Se conocen alrededor de 500 especies de sapos de la
familia de los 'Bufonidae', que habitan una gran variedad de hábitats
en todo el mundo. Aunque algunos, como el sapo arlequín, son endémicos
de pequeñas áreas y muy vulnerables, otros, como el sapo de caña, son
notorios por su capacidad para adaptarse y expandirse a un ritmo muy
rápido.
Los científicos, dirigidos por Ines Van Bocxlaer, reconstruyeron los
antecedentes evolutivos de varias características vinculadas con los
rangos geográficos de los sapos y han identificado siete características que probablemente han permitido que los sapos se expandan.
Por ejemplo, los autores señalan que los adultos que no dependen de
que haya agua o humedad en el aire se reproducen más rápidamente.

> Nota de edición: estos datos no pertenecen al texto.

lemma integral_indicator_Y_Y:
  assumes A: "A \<in> sets (F n)"
  shows "(\<integral>\<omega>. indicator A \<omega> * (Y (Suc n) \<omega> $ a * Y (Suc n) \<omega> $ b) \<partial>M)
       = (\<integral>\<omega>. indicator A \<omega> * afun_at n a b \<omega> \<partial>M)"
proof -
  have AM: "A \<in> sets M" using A sets_filt_subset by auto
  let ?\<Phi> = "\<lambda>i s k u. ((u + vfun P p k (inverse (real m) *\<^sub>R s + inverse (real m) *\<^sub>R u)) $ a
                 - (vfun P p i (inverse (real m) *\<^sub>R s) + bfun P p m i (inverse (real m) *\<^sub>R s)) $ a) *
              ((u + vfun P p k (inverse (real m) *\<^sub>R s + inverse (real m) *\<^sub>R u)) $ b
                 - (vfun P p i (inverse (real m) *\<^sub>R s) + bfun P p m i (inverse (real m) *\<^sub>R s)) $ b)"
  have meas: "(\<lambda>\<omega>. Y (Suc n) \<omega> $ c) \<in> borel_measurable M" "(\<lambda>\<omega>. Z (Suc n) \<omega> $ c) \<in> borel_measurable M"
    "cond_mean n c \<in> borel_measurable M" for c
    using measurable_filt[OF measurable_Y] measurable_filt[OF measurable_Z]
      measurable_filt[OF measurable_cond_mean] by auto
  have "(\<integral>\<omega>. indicator A \<omega> * (Y (Suc n) \<omega> $ a * Y (Suc n) \<omega> $ b) \<partial>M)
      = (\<integral>\<omega>. indicator A \<omega> * ((Z (Suc n) \<omega> $ a - cond_mean n a \<omega>) * (Z (Suc n) \<omega> $ b - cond_mean n b \<omega>)) \<partial>M)"
  proof (rule integral_cong_AE)
    show "AE \<omega> in M. indicator A \<omega> * (Y (Suc n) \<omega> $ a * Y (Suc n) \<omega> $ b) =
        indicator A \<omega> * ((Z (Suc n) \<omega> $ a - cond_mean n a \<omega>) * (Z (Suc n) \<omega> $ b - cond_mean n b \<omega>))"
      using Y_AE_eq[of n a] Y_AE_eq[of n b] by eventually_elim simp
  qed (use AM meas in measurable)
  also have "\<dots> = (\<integral>\<omega>. indicator A \<omega> * ?\<Phi> (\<xi> n \<omega>) (S n \<omega>) (\<xi> (Suc n) \<omega>) (J (Suc n) \<omega>) \<partial>M)"
    unfolding Z_Suc cond_mean_def ..
  also have "\<dots> = (\<integral>\<omega>. indicator A \<omega> * (\<Sum>k\<in>UNIV. \<Sum>u\<in>Vdirs.
      P (\<xi> n \<omega>) k * p (\<xi> n \<omega>) (inverse (real m) *\<^sub>R S n \<omega>) u * ?\<Phi> (\<xi> n \<omega>) (S n \<omega>) k u) \<partial>M)"
    by (rule integral_next_step[OF A])
  also have "\<dots> = (\<integral>\<omega>. indicator A \<omega> * afun_at n a b \<omega> \<partial>M)"
    using transition_covariance by simp
  finally show ?thesis .
qed

text \<open>With \<open>Q\<^sub>n = M\<^sub>n\<^sup>a M\<^sub>n\<^sup>b - \<langle>M\<rangle>\<^sub>n\<^sup>a\<^sup>b\<close>, the increment \<open>Q\<^sub>n\<^sub>+\<^sub>1 - Q\<^sub>n\<close> is
  \<open>M\<^sub>n\<^sup>a Y\<^sup>b + M\<^sub>n\<^sup>b Y\<^sup>a + (Y\<^sup>a Y\<^sup>b - a\<^sub>n\<^sup>a\<^sup>b)\<close>; each term has vanishing integral over
  events of \<open>F\<^sub>n\<close>.\<close>
lemma real_martingale_bracket:
  "real_martingale M F (\<lambda>n \<omega>. (outer (Mart n \<omega>) (Mart n \<omega>) - bracket n \<omega>) $ a $ b)"
proof -
  define Q where "Q n \<omega> = Mart n \<omega> $ a * Mart n \<omega> $ b - bracket n \<omega> $ a $ b" for n \<omega>
  have Q_eq: "(\<lambda>n \<omega>. (outer (Mart n \<omega>) (Mart n \<omega>) - bracket n \<omega>) $ a $ b) = Q"
    unfolding Q_def by (simp add: outer_nth)
  have measurable_Q: "Q n \<in> borel_measurable (F n)" for n
    unfolding Q_def using measurable_Mart measurable_bracket[of n n] by measurable
  have bounded_Q: "bounded_rv M (Q n)" for n
    unfolding Q_def by (intro bounded_rv_diff bounded_rv_mult bounded_rv_Mart bounded_rv_bracket)
  have "AE \<omega> in M. real_cond_exp M (F n) (Q (Suc n)) \<omega> = Q n \<omega>" for n
  proof -
    interpret sigma_finite_subalgebra M "F n" by (rule sigma_finite_filt)
    show ?thesis
    proof (rule real_cond_exp_charact)
      fix A assume A: "A \<in> sets (F n)"
      then have AM: "A \<in> sets M" using sets_filt_subset by auto
      let ?i = "\<lambda>\<omega>. indicator A \<omega> :: real"
      let ?MY = "\<lambda>c d \<omega>. ?i \<omega> * Mart n \<omega> $ c * Y (Suc n) \<omega> $ d"
      have MY: "(\<integral>\<omega>. ?MY c d \<omega> \<partial>M) = 0" for c d
        using integral_mult_Y[of "\<lambda>\<omega>. ?i \<omega> * Mart n \<omega> $ c" n d] A measurable_Mart
          bounded_rv_indicator_mult[OF AM bounded_rv_Mart]
        by (simp add: borel_measurable_indicator)
      have int: "integrable M (?MY c d)" "integrable M (\<lambda>\<omega>. ?i \<omega> * Q n \<omega>)"
        "integrable M (\<lambda>\<omega>. ?i \<omega> * (Y (Suc n) \<omega> $ a * Y (Suc n) \<omega> $ b))"
        "integrable M (\<lambda>\<omega>. ?i \<omega> * afun_at n a b \<omega>)" for c d
        by (intro bounded_rv_integrable bounded_rv_mult bounded_rv_indicator_mult[OF AM] bounded_rv_Mart
            bounded_rv_Y bounded_Q bounded_rv_afun_at)+
      have "(\<lambda>\<omega>. ?i \<omega> * Q (Suc n) \<omega>) = (\<lambda>\<omega>. ?i \<omega> * Q n \<omega> + ?MY a b \<omega> + ?MY b a \<omega>
          + (?i \<omega> * (Y (Suc n) \<omega> $ a * Y (Suc n) \<omega> $ b) - ?i \<omega> * afun_at n a b \<omega>))"
        by (simp add: Q_def Mart_Suc bracket_Suc algebra_simps)
      then have "(\<integral>\<omega>. ?i \<omega> * Q (Suc n) \<omega> \<partial>M) = (\<integral>\<omega>. ?i \<omega> * Q n \<omega> \<partial>M)"
        using int MY integral_indicator_Y_Y[OF A] by simp
      then show "(\<integral>\<omega>\<in>A. Q (Suc n) \<omega> \<partial>M) = (\<integral>\<omega>\<in>A. Q n \<omega> \<partial>M)"
        unfolding set_lebesgue_integral_def by simp
    qed (auto intro: bounded_rv_integrable bounded_Q measurable_Q)
  qed
  then show ?thesis
    unfolding Q_eq real_martingale_def using measurable_Q bounded_Q by (auto intro: bounded_rv_integrable)
qed

lemma is_bracket_Mart: "is_bracket M F Mart bracket"
  unfolding is_bracket_def
  using real_martingale_bracket by (simp add: bracket_def[of 0] measurable_bracket)

end

theorem proposition4p3:
  fixes P :: "'e::finite \<Rightarrow> 'e \<Rightarrow> real"
    and \<mu> :: "'e \<Rightarrow> real"
    and p :: "'e \<Rightarrow> real^'d::finite \<Rightarrow> real^'d \<Rightarrow> real"
  assumes stoch: "stochastic_matrix P"
    and irred: "irreducible_matrix P"
    and aper: "aperiodic_matrix P"
    and inv: "invariant_probability P \<mu>"
    and inv_unique: "\<And>\<nu>. invariant_probability P \<nu> \<Longrightarrow> \<nu> = \<mu>"
    and p_nonneg: "\<And>k y u. u \<in> Vdirs \<Longrightarrow> 0 \<le> p k y u"
    and p_sum: "\<And>k y. (\<Sum>u\<in>Vdirs. p k y u) = 1"
    and p_C2: "\<And>k u. u \<in> Vdirs \<Longrightarrow>
       \<exists>(D1 :: real^'d \<Rightarrow> ((real^'d) \<Rightarrow>\<^sub>L real)) (D2 :: real^'d \<Rightarrow> ((real^'d) \<Rightarrow>\<^sub>L ((real^'d) \<Rightarrow>\<^sub>L real))).
          (\<forall>y. ((\<lambda>z. p k z u) has_derivative blinfun_apply (D1 y)) (at y))
        \<and> (\<forall>y. (D1 has_derivative blinfun_apply (D2 y)) (at y))
        \<and> continuous_on UNIV D2 \<and> bounded (range D1) \<and> bounded (range D2)"
    and centered: "\<And>y. (\<Sum>k\<in>UNIV. \<mu> k *\<^sub>R gfun p k y) = 0"
  shows "(\<forall>m (M :: 'a measure) \<xi> J. 1 \<le> m \<and> mrw P p m M \<xi> J \<longrightarrow>
             sq_integrable_martingale M (filt M \<xi> J) (Mproc P p m M \<xi> J)
           \<and> is_bracket M (filt M \<xi> J) (Mproc P p m M \<xi> J)
               (\<lambda>n \<omega>. \<Sum>k\<in>{1..n}. afun P p m (\<xi> (k - 1) \<omega>)
                                     (inverse (real m) *\<^sub>R Sproc J (k - 1) \<omega>)))
       \<and> (\<exists>C. \<forall>m \<ge> 1. \<forall>i y. norm (afun P p m i y) \<le> C)"
proof -
  interpret centered_walk P \<mu> p
    using stoch irred aper inv p_nonneg p_sum centered by unfold_locales
  obtain V where V: "\<And>i y. norm (vfun P p i y) \<le> V" using vfun_bounded by blast
  interpret poisson_walk P p V
    using V poisson_equation by unfold_locales
  have "sq_integrable_martingale M (filt M \<xi> J) (Mproc P p m M \<xi> J)
      \<and> is_bracket M (filt M \<xi> J) (Mproc P p m M \<xi> J)
          (\<lambda>n \<omega>. \<Sum>k\<in>{1..n}. afun P p m (\<xi> (k - 1) \<omega>) (inverse (real m) *\<^sub>R Sproc J (k - 1) \<omega>))"
    if "mrw P p m M \<xi> J" for m and M :: "'a measure" and \<xi> J
  proof -
    interpret markov_random_walk P p V m M \<xi> J
      using that by unfold_locales
    have "bracket = (\<lambda>n \<omega>. \<Sum>k\<in>{1..n}. afun P p m (\<xi> (k - 1) \<omega>) (inverse (real m) *\<^sub>R Sproc J (k - 1) \<omega>))"
      by (intro ext) (simp add: bracket_def)
    then show ?thesis using sq_integrable_martingale_Mart is_bracket_Mart by simp
  qed
  then show ?thesis using afun_bounded by blast
qed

Las
especies que ponen sus huevos en diferentes zonas o aquellas cuyas
larvas obtienen su alimento de su entorno en vez de conseguirlo a
través de sus madres también tienden a extenderse más.
Los autores sigieren que estos rasgos se acumularon en los sapos más
ancestrales, creando un 'fenotipo de expansión' que permitió la
proliferación de este grupo. Además, este estudio podría ayudar a
explicar el contexto evolutivo de las especies invasoras, como el sapo
de caña.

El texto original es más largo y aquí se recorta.